The effect of increased cost-sharing on low-value service use.

作者信息

Gruber Jonathan, Maclean Johanna Catherine, Wright Bill, Wilkinson Eric, Volpp Kevin G

机构信息

Department of Economics, National Bureau of Economic Research, Massachusetts Institute of Technology, Cambridge, Massachusetts, USA.

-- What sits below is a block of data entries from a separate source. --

theorem lemma4p4:
  fixes L :: "nat list" and Wd :: "real mat" and k :: nat and \<beta> :: "nat \<Rightarrow> real"
    and \<gamma> :: real and f :: "real \<Rightarrow> nat \<Rightarrow> complex vec" and lam :: "real \<Rightarrow> nat \<Rightarrow> complex"
  defines "N \<equiv> sum_list L" and "S \<equiv> length L"
  defines "P \<equiv> (\<lambda>\<epsilon>::real. Dmat k \<beta> L * (1\<^sub>m N + complex_of_real \<epsilon> \<cdot>\<^sub>m map_mat complex_of_real Wd))"
  assumes "1 < S" and "S \<le> N"
    and "bw_vector L"
    and "L_admissible L Wd"
    and "0 < k"
    and "\<beta> \<in> Gamma S"
    and "0 < \<gamma>"
    and "\<And>\<epsilon>. 0 < \<epsilon> \<Longrightarrow> \<epsilon> < \<gamma> \<Longrightarrow> card {x. eigenvalue (P \<epsilon>) x} = N"
    and "\<And>\<epsilon> l. 0 < \<epsilon> \<Longrightarrow> \<epsilon> < \<gamma> \<Longrightarrow> l < N \<Longrightarrow>
           f \<epsilon> l \<in> carrier_vec N \<and> cvnorm (f \<epsilon> l) = 1 \<and> P \<epsilon> *\<^sub>v f \<epsilon> l = lam \<epsilon> l \<cdot>\<^sub>v f \<epsilon> l"
    and "\<And>\<epsilon>. 0 < \<epsilon> \<Longrightarrow> \<epsilon> < \<gamma> \<Longrightarrow> inj_on (lam \<epsilon>) {..<N}"
    and "\<And>l s. s < S \<Longrightarrow> l \<in> block L s \<Longrightarrow>
           ((\<lambda>\<epsilon>. lam \<epsilon> l) \<longlongrightarrow> cis (- 2 * pi * real k * \<beta> s)) (at_right 0)"
  shows "\<forall>l<N. \<forall>m<N. l \<noteq> m \<longrightarrow> ((\<lambda>\<epsilon>. cinner (f \<epsilon> l) (f \<epsilon> m)) \<longlongrightarrow> 0) (at_right 0)"
proof (intro allI impI)
  fix l m assume lm: "l < N" "m < N" "l \<noteq> m"
  define d where "d i = Dmat k \<beta> L $$ (i,i)" for i
  define W where "W i j = Wd $$ (i,j)" for i j
  have Wd: "Wd \<in> carrier_mat N N"
    using assms(7) by (simp add: L_admissible_def Let_def N_def)
  interpret perturbed_diagonal N d W P \<gamma> f lam
  proof
    show "P \<epsilon> = mat N N (\<lambda>(i,j). d i * ((if i = j then 1 else 0) + of_real \<epsilon> * of_real (W i j)))" for \<epsilon>
      using Dmat_mult_perturbation Wd unfolding P_def N_def d_def W_def by blast
    show "W i j = W j i" if "i < N" "j < N" for i j
      using L_admissible_symmetric[OF assms(7)] that unfolding W_def N_def by blast
    show "((\<lambda>\<epsilon>. lam \<epsilon> j) \<longlongrightarrow> d j) (at_right 0)" if "j < N" for j
      using block_exists[of j L] that assms(14) Dmat_diag_entry unfolding d_def N_def S_def by metis
  qed (use assms(10-13) in auto)
  show "((\<lambda>\<epsilon>. cinner (f \<epsilon> l) (f \<epsilon> m)) \<longlongrightarrow> 0) (at_right 0)"
    using lm
  proof (rule cinner_tendsto_zero)
    fix i assume "i < N"
    then obtain s where s: "s < length L" "i \<in> block L s"
      using block_exists unfolding N_def by blast
    then show "d i \<noteq> 0"
      by (simp add: d_def Dmat_diag_entry)
    have "{j. j < N \<and> d j = d i} = block L s"
      using Dmat_level_set[OF _ assms(8) s] assms(9) unfolding N_def S_def d_def by blast
    then show "card {x. principal_submatrix_eigenvalue W {j. j < N \<and> d j = d i} x} = card {j. j < N \<and> d j = d i}"
      using L_admissible_block_spectrum[OF assms(7) s(1)] by (simp add: W_def[abs_def])
  qed
qed

end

Department of Economics, National Bureau of Economic Research, Institute of Labor Economics, Temple University, Philadelphia, Pennsylvania, USA.

出版信息

Health Econ. 2020 Oct;29(10):1180-1201. doi: 10.1002/hec.4127. Epub 2020 Jul 20.

Abstract

We examine the effect of a value-based insurance design (VBID) program implemented at a large public employer in the state of Oregon. The program substantially increased cost-sharing for several healthcare services likely to be of low value for most patients: diagnostic services (e.g., imaging services) and surgeries (e.g., spinal surgeries for pain). Using a difference-in-differences design coupled with granular, administrative health insurance claims data over the period 2008-2012, we estimate the change in low-value service use among beneficiaries before and after program implementation relative to a comparison group not exposed to the VBID. Our findings suggest that the VBID significantly reduced the use of targeted services, with an implied elasticity of demand of -0.22. We find no evidence that the VBID led to substitution to non-targeted services or increased overall healthcare costs. However, we also observe no evidence that the program led to cost-savings.

摘要

我们研究了俄勒冈州一家大型公共雇主实施的基于价值的保险设计(VBID)计划的效果。该计划大幅提高了对几种大多数患者可能价值不大的医疗服务的费用分担:诊断服务(如影像服务)和手术(如治疗疼痛的脊柱手术)。利用2008年至2012年期间的差异-差异设计以及详细的行政医疗保险理赔数据,我们估计了计划实施前后受益人群中低价值服务使用情况相对于未参与VBID的对照组的变化。我们的研究结果表明,VBID显著减少了目标服务的使用,需求的隐含弹性为-0.22。我们没有发现证据表明VBID导致了向非目标服务的替代或总体医疗费用的增加。然而,我们也没有发现该计划带来成本节约的证据。